**Exercise inputs:**
(* Consider the problem with $p=0$. Let Assumption 1 hold, let $\{\mathbf x_k\}$ be generated by Algorithm MADS-PIP, and let $\mathcal K^x_\rho\subseteq\mathcal K_\rho$ be the index set of an end-path subsequence with end-path point $\bar{\mathbf x}$. Assume that $f$ is Lipschitz continuous near $\bar{\mathbf x}$, that the sequence of poll direction sets $\{\mathcal D_k\}_{k\in\mathcal K^x_\rho}$ is dense in the unit sphere, and that $\bar{\mathbf x}\in\Omega$ satisfies the SCQ. Then $f^\circ(\bar{\mathbf x};\mathbf d)\ge0$ for all $\mathbf d\in\mathcal T^H_\Omega(\bar{\mathbf x})$.
   Context: Consider the problem of minimizing $f(\mathbf x)$ over $\mathbf x\in\mathbb R^n$ subject to $g_\ell(\mathbf x)\le 0$ ($\ell=1,\dots,m$), with $f,g_\ell:\mathbb R^n\to\mathbb R\cup\{+\infty\}$ (no equality constraints, $p=0$). The index set $\{1,\dots,m\}$ is partitioned into disjoint sets $\mathcal G^{int}$ and $\mathcal G^{ext}$, fixed throughout. Define $\Omega^{int}=\{\mathbf x: g_\ell(\mathbf x)\le 0\ \forall\ell\in\mathcal G^{int}\}$, $\Omega^{ext}=\{\mathbf x: g_\ell(\mathbf x)\le0\ \forall \ell\in\mathcal G^{ext}\}$, $\Omega=\Omega^{int}\cap\Omega^{ext}$. Let $\phi^{prox}(\mathbf x)=\max_{\ell\in\mathcal G^{int}}g_\ell(\mathbf x)$; $c^{int}(\mathbf x)=-\prod_{\ell\in\mathcal G^{int}}\min\{1,-g_\ell(\mathbf x)\}$ if $g_\ell(\mathbf x)\le0$ for all $\ell\in\mathcal G^{int}$, and $c^{int}(\mathbf x)=\phi^{prox}(\mathbf x)$ otherwise; $c^{ext}(\mathbf x)=\sum_{\ell\in\mathcal G^{ext}}(\max\{0,g_\ell(\mathbf x)\})^2$. (If $\mathcal G^{int}=\emptyset$, then $c^{int}\equiv-1$ and $[\phi^{prox}]^2$ is read as $+\infty$.) For $\rho>0$ the merit function is $z(\mathbf x;\rho)=f(\mathbf x)-\rho\log(-c^{int}(\mathbf x))+\frac1\rho c^{ext}(\mathbf x)$ if $c^{int}(\mathbf x)<0$, and $+\infty$ otherwise. Algorithm MADS-PIP: inputs $\mathbf x_0$ with $g_\ell(\mathbf x_0)<0$ for all $\ell\in\mathcal G^{int}$ and $z(\mathbf x_0;\rho_0)<+\infty$, $\rho_0>0$, $\theta_\rho\in(0,1)$, $\Delta_0>0$, $\theta_\Delta\in(0,1)\cap\mathbb Q$, $\beta>1$. For $k=0,1,2,\dots$ (the algorithm never stops): mesh $\mathcal M_k=\{\mathbf x_k+\delta_k\mathbf u:\mathbf u\in\mathbb Z^n\}$ with $\delta_k=\min\{\Delta_k,\Delta_k^2/\Delta_0\}$; frame $\mathcal F_k=\{\mathbf x\in\mathcal M_k:\|\mathbf x-\mathbf x_k\|\le\Delta_k\}$. Search: a finite (possibly empty) set $\mathcal S_k\subset\mathcal M_k$ is examined; if some $\mathbf s\in\mathcal S_k$ satisfies $z(\mathbf s;\rho_k)<z(\mathbf x_k;\rho_k)$, set $\mathbf x_{k+1}=\mathbf s$, $\Delta_{k+1}=\Delta_k/\theta_\Delta$, $\rho_{k+1}=\rho_k$ (successful iteration). Otherwise poll: choose a finite set $\mathcal D_k$ of nonzero directions with $\mathbf x_k+\mathbf d\in\mathcal F_k$ for all $\mathbf d\in\mathcal D_k$; if some $\mathbf d\in\mathcal D_k$ satisfies $z(\mathbf x_k+\mathbf d;\rho_k)<z(\mathbf x_k;\rho_k)$, set $\mathbf x_{k+1}=\mathbf x_k+\mathbf d$, $\Delta_{k+1}=\Delta_k/\theta_\Delta$, $\rho_{k+1}=\rho_k$ (successful). Otherwise the iteration is unsuccessful: $\mathbf x_{k+1}=\mathbf x_k$, $\Delta_{k+1}=\theta_\Delta\Delta_k$, and $\rho_{k+1}=\theta_\rho\rho_k$ if $\Delta_{k+1}\le\min\{\rho_k^\beta,[\phi^{prox}(\mathbf x_k)]^2\}$, else $\rho_{k+1}=\rho_k$. The path-following index set is $\mathcal K_\rho=\{k:\rho_{k+1}<\rho_k\}$. A point $\bar{\mathbf x}$ is an end-path point if there is an infinite $\mathcal K_\rho^{x}\subseteq\mathcal K_\rho$ with $\lim_{k\in\mathcal K_\rho^x}\mathbf x_k=\bar{\mathbf x}$; $\{\mathbf x_k\}_{k\in\mathcal K^x_\rho}$ is then an end-path subsequence. Assumption 1: for every $\alpha\in\mathbb R$ the level set $\{\mathbf x\in\mathbb R^n: f(\mathbf x)\le\alpha\}$ is bounded. Clarke generalized directional derivative: $c^\circ(\mathbf x;\mathbf d)=\limsup_{\mathbf y\to\mathbf x,\ t\searrow0}\frac{c(\mathbf y+t\mathbf d)-c(\mathbf y)}{t}$. $\mathcal B(\mathbf x,\epsilon)$ is the ball of radius $\epsilon$ centred at $\mathbf x$. Density: for an infinite index set $\mathcal K$, the sequence $\{\mathcal D_k\}_{k\in\mathcal K}$ is dense in the unit sphere if for every unit vector $\bar{\mathbf d}$ there exist an infinite $\mathcal K^d\subseteq\mathcal K$ and $\mathbf d_k\in\mathcal D_k$ ($k\in\mathcal K^d$) with $\lim_{k\in\mathcal K^d}\mathbf d_k/\|\mathbf d_k\|=\bar{\mathbf d}$. Hypertangent cone: $\mathbf d$ is hypertangent to $\Omega$ at $\mathbf x$ if there is $\epsilon>0$ with $\mathbf y+t\mathbf w\in\Omega$ for all $\mathbf y\in\Omega\cap\mathcal B(\mathbf x,\epsilon)$, $\mathbf w\in\mathcal B(\mathbf d,\epsilon)$, $t\in(0,\epsilon)$; $\mathcal T^H_\Omega(\mathbf x)$ is the set of such vectors. Stationarity constraint qualification (SCQ): a point $\mathbf x\in\Omega$ satisfies SCQ if (a) $c^{int}$ and $c^{ext}$ are Lipschitz continuous near $\mathbf x$; (b) $(c^{int})^\circ(\mathbf x;\mathbf d)<0$ for every $\mathbf d\in\mathcal T^H_\Omega(\mathbf x)$; (c) for every $\mathbf d\in\mathcal T^H_\Omega(\mathbf x)$ there is $\epsilon>0$ such that $(c^{ext})^\circ(\mathbf y;\mathbf d)<0$ for all $\mathbf y\in\mathcal B(\mathbf x,\epsilon)\setminus\Omega^{ext}$. *)

theory Defs
  imports "HOL-Analysis.Analysis" "HOL-Library.Liminf_Limsup"
begin

text \<open>Functions take values in the extended reals; the paper's codomain is
  the reals together with plus infinity, so minus infinity is excluded by
  hypotheses in the main theorem.\<close>

definition Omega_int :: "(nat \<Rightarrow> real^'n \<Rightarrow> ereal) \<Rightarrow> nat set \<Rightarrow> (real^'n) set" where
  "Omega_int g Gint = {x. \<forall>l\<in>Gint. g l x \<le> 0}"

definition Omega_ext :: "(nat \<Rightarrow> real^'n \<Rightarrow> ereal) \<Rightarrow> nat set \<Rightarrow> (real^'n) set" where
  "Omega_ext g Gext = {x. \<forall>l\<in>Gext. g l x \<le> 0}"

definition Omega :: "(nat \<Rightarrow> real^'n \<Rightarrow> ereal) \<Rightarrow> nat set \<Rightarrow> nat set \<Rightarrow> (real^'n) set" where
  "Omega g Gint Gext = Omega_int g Gint \<inter> Omega_ext g Gext"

**Action item:** Copy, exactly as written, the lines above, beginning with the one that contains "hypotheses in the main theorem.\<close>" and ending with the last.

**Solution to this problem:**
  hypotheses in the main theorem.\<close>

definition Omega_int :: "(nat \<Rightarrow> real^'n \<Rightarrow> ereal) \<Rightarrow> nat set \<Rightarrow> (real^'n) set" where
  "Omega_int g Gint = {x. \<forall>l\<in>Gint. g l x \<le> 0}"

definition Omega_ext :: "(nat \<Rightarrow> real^'n \<Rightarrow> ereal) \<Rightarrow> nat set \<Rightarrow> (real^'n) set" where
  "Omega_ext g Gext = {x. \<forall>l\<in>Gext. g l x \<le> 0}"

definition Omega :: "(nat \<Rightarrow> real^'n \<Rightarrow> ereal) \<Rightarrow> nat set \<Rightarrow> nat set \<Rightarrow> (real^'n) set" where
  "Omega g Gint Gext = Omega_int g Gint \<inter> Omega_ext g Gext"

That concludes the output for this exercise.